lemma rw_Xi_star_ge_imp_visits:
  assumes "A \<subseteq> {0..d}" and "\<And>i. X i \<omega> \<in> {-1, 1}"
    and "1 \<le> k" and "k \<le> rw_Xi_star X A n \<omega>"
  shows "\<exists>a\<in>{- int n - d..int n}. k \<le> visits A (- a) (walk_steps X n \<omega>)"
proof -
  obtain a where "rw_Xi_star X A n \<omega> = rw_Xi X ((\<lambda>x. x + a) ` A) n \<omega>"
    using rw_Xi_star_attained[where X = X and n = n and \<omega> = \<omega>] by blast
  then have a: "k \<le> visits A (- a) (walk_steps X n \<omega>)"
    using assms(4) by (simp add: rw_Xi_shift_eq_visits)
  then have "0 < card {t \<in> {1..n}. - a + rw_S X t \<omega> \<in> A}"
    using assms(3) by (simp only: visits_walk_steps)
  then obtain t where "t \<le> n" "- a + rw_S X t \<omega> \<in> A" by (auto simp: card_gt_0_iff)
  then have "- a + rw_S X t \<omega> \<in> {0..d}" and "\<bar>rw_S X t \<omega>\<bar> \<le> int n"
    using assms(1) abs_rw_S_le[of X \<omega> t, OF assms(2)] by auto
  then have "a \<in> {- int n - d..int n}" by auto
  with a show ?thesis by blast
qed

end

section \<open>The law of the first steps\<close>

locale walk_process = biased_walk p q + prob_space M
  for p q :: real and M :: "'a measure" +
  fixes X :: "nat \<Rightarrow> 'a \<Rightarrow> int"
  assumes indep: "indep_vars (\<lambda>_. count_space UNIV) X UNIV"
    and prob_X_1: "\<And>i. prob {\<omega> \<in> space M. X i \<omega> = 1} = p"
    and prob_X_minus_1: "\<And>i. prob {\<omega> \<in> space M. X i \<omega> = -1} = q"
begin

lemma X_measurable [measurable]: "X i \<in> M \<rightarrow>\<^sub>M count_space UNIV"
  using indep by (simp add: indep_vars_def)

lemma AE_X_pm: "AE \<omega> in M. \<forall>i. X i \<omega> \<in> {-1, 1}"
proof -
  have "prob ({\<omega> \<in> space M. X i \<omega> = 1} \<union> {\<omega> \<in> space M. X i \<omega> = -1}) = 1" for i
    using prob_X_1 prob_X_minus_1 p_plus_q by (subst finite_measure_Union) auto
  then have "AE \<omega> in M. \<omega> \<in> {\<omega> \<in> space M. X i \<omega> = 1} \<union> {\<omega> \<in> space M. X i \<omega> = -1}" for i
    by (rule AE_prob_1)
  then have "AE \<omega> in M. X i \<omega> \<in> {-1, 1}" for i
    by (rule eventually_mono) auto
  then show ?thesis by (simp add: AE_all_countable)
qed

lemma sets_walk_steps_eq [measurable]: "{\<omega> \<in> space M. walk_steps X n \<omega> = w} \<in> sets M"
proof -
  have "{\<omega> \<in> space M. walk_steps X n \<omega> = w}
      = (if length w = n then {\<omega> \<in> space M. \<forall>i<n. X i \<omega> = w ! i} else {})"
    by (auto simp: walk_steps_def list_eq_iff_nth_eq)
  then show ?thesis by simp
qed

lemma walk_steps_measurable [measurable]: "walk_steps X n \<in> M \<rightarrow>\<^sub>M count_space UNIV"
  by (subst measurable_count_space_eq_countable) (auto simp: vimage_def Int_def conj_commute)

lemma prob_walk_steps_eq:
  assumes "w \<in> pm_words n"
  shows "prob {\<omega> \<in> space M. walk_steps X n \<omega> = w} = word_prob w"
proof (cases "n = 0")
  case False
  have len: "length w = n" using assms by (rule length_pm_words)
  have "prob {\<omega> \<in> space M. walk_steps X n \<omega> = w} = prob (\<Inter>i\<in>{..<n}. X i -` {w ! i} \<inter> space M)"
    using False len by (intro arg_cong[where f = prob]) (auto simp: walk_steps_def list_eq_iff_nth_eq)
  also have "\<dots> = (\<Prod>i<n. prob (X i -` {w ! i} \<inter> space M))"
    using False by (intro indep_varsD[OF indep]) auto
  also have "\<dots> = (\<Prod>i<n. if w ! i = 1 then p else q)"
  proof (intro prod.cong refl)
    fix i assume "i \<in> {..<n}"
    then have "w ! i \<in> set w" using len by simp
    then have "w ! i \<in> {-1, 1}" using assms by (auto simp: pm_words_def)
    moreover have "X i -` {c} \<inter> space M = {\<omega> \<in> space M. X i \<omega> = c}" for c by auto
    ultimately show "prob (X i -` {w ! i} \<inter> space M) = (if w ! i = 1 then p else q)"
      using prob_X_1 prob_X_minus_1 by auto
  qed
  also have "\<dots> = word_prob w"
    using len by (simp add: word_prob_def prod.list_conv_set_nth atLeast0LessThan)
  finally show ?thesis .
qed (use assms prob_space in \<open>simp add: walk_steps_def\<close>)

lemma prob_walk_steps: "prob {\<omega> \<in> space M. P (walk_steps X n \<omega>)} = walk_prob n P"
proof -
  let ?W = "{w \<in> pm_words n. P w}"
  have "AE \<omega> in M. walk_steps X n \<omega> \<in> pm_words n"
    using AE_X_pm by eventually_elim (auto simp: pm_words_def walk_steps_def)
  then have "AE \<omega> in M. \<omega> \<in> {\<omega> \<in> space M. P (walk_steps X n \<omega>)}
      \<longleftrightarrow> \<omega> \<in> (\<Union>w\<in>?W. {\<omega> \<in> space M. walk_steps X n \<omega> = w})"
    by eventually_elim auto
  then have "prob {\<omega> \<in> space M. P (walk_steps X n \<omega>)}
      = prob (\<Union>w\<in>?W. {\<omega> \<in> space M. walk_steps X n \<omega> = w})"
    by (rule measure_eq_AE) auto
  also have "\<dots> = (\<Sum>w\<in>?W. prob {\<omega> \<in> space M. walk_steps X n \<omega> = w})"
    by (rule measure_finite_Union) (auto simp: disjoint_family_on_def)
  also have "\<dots> = walk_prob n P"
    by (simp add: walk_prob_def prob_walk_steps_eq)
  finally show ?thesis .
qed

end

section \<open>Almost sure asymptotics of the maximal occupation time\<close>

locale two_point_process = two_point_walk p q z + walk_process p q M X
  for p q :: real and z :: int and M :: "'a measure" and X :: "nat \<Rightarrow> 'a \<Rightarrow> int"
begin

context
  fixes e :: real
  assumes e_pos: "0 < e"
begin

definition k_up :: "nat \<Rightarrow> nat" where
  "k_up j = nat \<lceil>(1 + e) * kap * (real j * ln 2)\<rceil> + 1"

definition many_visits :: "nat \<Rightarrow> 'a set" where
  "many_visits j = {\<omega> \<in> space M. \<exists>a\<in>{- int (2 ^ j) - z..int (2 ^ j)}.
      k_up j \<le> visits {0, z} (- a) (walk_steps X (2 ^ j) \<omega>)}"

lemma prob_many_visits:
  "prob (many_visits j) \<le> (2 * 2 ^ j + z + 1) * 2 powr (- (1 + e) * real j) / (lam * s)"
proof -
  let ?I = "{- int (2 ^ j) - z..int (2 ^ j)}"
  have "prob (many_visits j)
      = walk_prob (2 ^ j) (\<lambda>w. \<exists>a\<in>?I. k_up j \<le> visits {0, z} (- a) w)"
    unfolding many_visits_def by (rule prob_walk_steps)
  also have "\<dots> \<le> (\<Sum>a\<in>?I. walk_prob (2 ^ j) (\<lambda>w. k_up j \<le> visits {0, z} (- a) w))"
    by (rule walk_prob_bex_le) simp
  also have "\<dots> \<le> (\<Sum>a\<in>?I. lam ^ k_up j / (lam * s))"
    by (intro sum_mono walk_prob_visits_ge_le) (simp add: k_up_def)
  also have "\<dots> = (2 * 2 ^ j + z + 1) * (lam ^ k_up j / (lam * s))"
    using z_pos by simp
  also have "lam ^ k_up j \<le> 2 powr (- (1 + e) * real j)"
  proof -
    have "kap * ((1 + e) * (real j * ln 2)) \<le> real (k_up j)"
      unfolding k_up_def by (simp add: algebra_simps) linarith
    then have "lam ^ k_up j \<le> exp (- ((1 + e) * (real j * ln 2)))" by (rule lam_power_le_exp)
    also have "\<dots> = 2 powr (- (1 + e) * real j)" by (simp add: powr_def algebra_simps)
    finally show ?thesis .
  qed
  finally show ?thesis
    using z_pos lam_pos s_pos by (simp add: divide_right_mono mult_left_mono)
qed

__WORK TO COMPLETE__.
All lines above from the one with "by eventually_elim auto" to the one with "unfolding many_visits_def by", inclusive, should be copied exactly, and no other lines.

__EXERCISE OUTPUT__.
    by eventually_elim auto
  then have "prob {\<omega> \<in> space M. P (walk_steps X n \<omega>)}
      = prob (\<Union>w\<in>?W. {\<omega> \<in> space M. walk_steps X n \<omega> = w})"
    by (rule measure_eq_AE) auto
  also have "\<dots> = (\<Sum>w\<in>?W. prob {\<omega> \<in> space M. walk_steps X n \<omega> = w})"
    by (rule measure_finite_Union) (auto simp: disjoint_family_on_def)
  also have "\<dots> = walk_prob n P"
    by (simp add: walk_prob_def prob_walk_steps_eq)
  finally show ?thesis .
qed

end

section \<open>Almost sure asymptotics of the maximal occupation time\<close>

locale two_point_process = two_point_walk p q z + walk_process p q M X
  for p q :: real and z :: int and M :: "'a measure" and X :: "nat \<Rightarrow> 'a \<Rightarrow> int"
begin

context
  fixes e :: real
  assumes e_pos: "0 < e"
begin

definition k_up :: "nat \<Rightarrow> nat" where
  "k_up j = nat \<lceil>(1 + e) * kap * (real j * ln 2)\<rceil> + 1"

definition many_visits :: "nat \<Rightarrow> 'a set" where
  "many_visits j = {\<omega> \<in> space M. \<exists>a\<in>{- int (2 ^ j) - z..int (2 ^ j)}.
      k_up j \<le> visits {0, z} (- a) (walk_steps X (2 ^ j) \<omega>)}"

lemma prob_many_visits:
  "prob (many_visits j) \<le> (2 * 2 ^ j + z + 1) * 2 powr (- (1 + e) * real j) / (lam * s)"
proof -
  let ?I = "{- int (2 ^ j) - z..int (2 ^ j)}"
  have "prob (many_visits j)
      = walk_prob (2 ^ j) (\<lambda>w. \<exists>a\<in>?I. k_up j \<le> visits {0, z} (- a) w)"
    unfolding many_visits_def by (rule prob_walk_steps)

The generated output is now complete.